The perceptions regarding the risks of chronic opioid therapy vary significantly between Primary Care Practitioners (PCPs) and patients. PCPs primarily focus on the dangers of unintentional overdose, patient addiction, and community harm through opioid diversion. Conversely, patients express more concern about the stigma associated with being labeled as addicts and the implications of monitoring policies, especially due to their histories of substance use. This difference can hinder effective communication and impact treatment adherence.

2

Why is there a disconnect between doctors and patients about opioid therapy?

The study highlights a crucial disconnect in understanding the risks associated with chronic opioid therapy. Doctors are mainly concerned with overdose, addiction, and legal issues related to prescribing. Patients, however, often prioritize concerns about stigmatization and the potential for losing access to treatment. These differing viewpoints can lead to misunderstandings and compromise patient safety.

3

How can doctors and patients improve communication about opioid therapy?

Open and honest communication is essential for bridging the gap between PCPs and patients. This includes creating a shared understanding of the risks and benefits of opioid therapy. For PCPs, it's crucial to discuss potential risks like unintentional overdose, opioid diversion, and medicolegal repercussions. Patients need to voice their fears of being stigmatized and the impact of monitoring policies. Both should discuss the benefits of the treatment to ensure a comprehensive and informed consent process.

4

What are the implications of the differing perceptions regarding chronic opioid therapy?
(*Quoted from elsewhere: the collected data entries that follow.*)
(* Assume that the solvency sets $(\mathbf{K}_t)_{t=0,\dots,T}$ are cones. (i) (NA2) holds if and only if $\Xi_t^0=L^0(\mathbf{K}_t,\mathcal{F}_t)$ for all $t\le T$. (ii) (NA2) holds if and only if $\mathrm{m}(\mathbf{K}_t|\mathcal{F}_{t-1})\subseteq\mathbf{K}_{t-1}$ a.s. for $t=1,\dots,T$. (iii) If the solvency sets are strictly proper, then (NA2) implies (SNR), i.e. $\hat\Xi_t^0\cap L^0(-\mathbf{K}_t,\mathcal{F}_t)\subseteq L^0(\mathbf{K}_t^0,\mathcal{F}_t)$ for all $t$.
   Context: $(\Omega,\mathcal{F},(\mathcal{F}_t)_{t=0,\dots,T},\mathbb{P})$ filtered complete probability space, $\mathcal{F}_0$ trivial. $L^0(\Gamma,\mathcal{F}_t)$: $\mathcal{F}_t$-measurable random vectors a.s. in $\Gamma$. Solvency sets: $\mathbf{K}_t$ is an $\mathcal{F}_t$-measurable random closed convex set in $\mathbb{R}^d$ with $\mathbf{K}_t+\mathbb{R}^d_+\subseteq\mathbf{K}_t$ and $\mathbf{K}_t\cap\mathbb{R}^d_-=\{0\}$ a.s.; $\mathbf{K}_t^0=\bigcap_{c\in\mathbb{Q}\setminus\{0\}}c\mathbf{K}_t$; strictly proper: $\mathbf{K}_t\cap(-\mathbf{K}_t)=\{0\}$ a.s. $\mathsf{A}_{t,s}=\sum_{u=t}^sL^0(-\mathbf{K}_u,\mathcal{F}_u)$. $\Xi_T^0=L^0(\mathbf{K}_T,\mathcal{F}_T)$, $\Xi_t^0=L^0(\mathbf{K}_t,\mathcal{F}_t)+(\Xi_{t+1}^0\cap L^0(\mathbb{R}^d,\mathcal{F}_t))$ for $t<T$ (equivalently $\Xi_t^0=(-\mathsf{A}_{t,T})\cap L^0(\mathbb{R}^d,\mathcal{F}_t)$); $\hat\Xi_T^0=\Xi_T^0$, $\hat\Xi_t^0=L^0(\mathbf{K}_t,\mathcal{F}_t)+\mathrm{cl}_0(\Xi_{t+1}^0\cap L^0(\mathbb{R}^d,\mathcal{F}_t))$ for $t<T$ ($\mathrm{cl}_0$: closure in probability). (NA2) (no arbitrage of the second kind): for every $t=0,\dots,T$ and $\eta_t\in L^0(\mathbb{R}^d,\mathcal{F}_t)$, if $(\eta_t+\mathsf{A}_{t,T})\cap L^0(\mathbf{K}_T,\mathcal{F}_T)\neq\emptyset$ then $\eta_t\in L^0(\mathbf{K}_t,\mathcal{F}_t)$. $\mathrm{m}(\mathbf{X}|\mathcal{F}_{t-1})$ is the largest $\mathcal{F}_{t-1}$-measurable random set a.s. contained in $\mathbf{X}$. *)

theory Defs
  imports "HOL-Probability.Probability"
begin

(* Omega :: 'a, the filtered probability space is (M, F 0, ..., F T); vectors in R^d are real^'d *)

definition nonneg_orthant :: "(real^'d) set" where
  "nonneg_orthant = {x. \<forall>i. 0 \<le> x $ i}"

definition nonpos_orthant :: "(real^'d) set" where
  "nonpos_orthant = {x. \<forall>i. x $ i \<le> 0}"

definition effros_measurable :: "'a measure \<Rightarrow> ('a \<Rightarrow> ('b::topological_space) set) \<Rightarrow> bool" where
  "effros_measurable H X \<longleftrightarrow>
     (\<forall>U. open U \<longrightarrow> {\<omega> \<in> space H. X \<omega> \<inter> U \<noteq> {}} \<in> sets H)"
In this context, the significant implications of the differing perceptions include potential impacts on communication, treatment adherence, and patient safety. When doctors and patients have different priorities and understandings of the risks, it can lead to mistrust, misunderstandings, and non-adherence to treatment plans. This can compromise the effectiveness of the treatment and create the need for the need for safer, more effective opioid treatment plans.

5

Why are safety-net clinics important in this context?

Safety-net clinics are essential because they serve low-income populations, often dealing with chronic non-cancer pain (CNCP) and substance use. This setting adds complexity to opioid treatment, as the patients can be more vulnerable. The lack of specialized resources in these clinics makes effective communication and a shared understanding of the risks even more critical. Therefore, it is important to address these gaps in communication for improved care in these settings.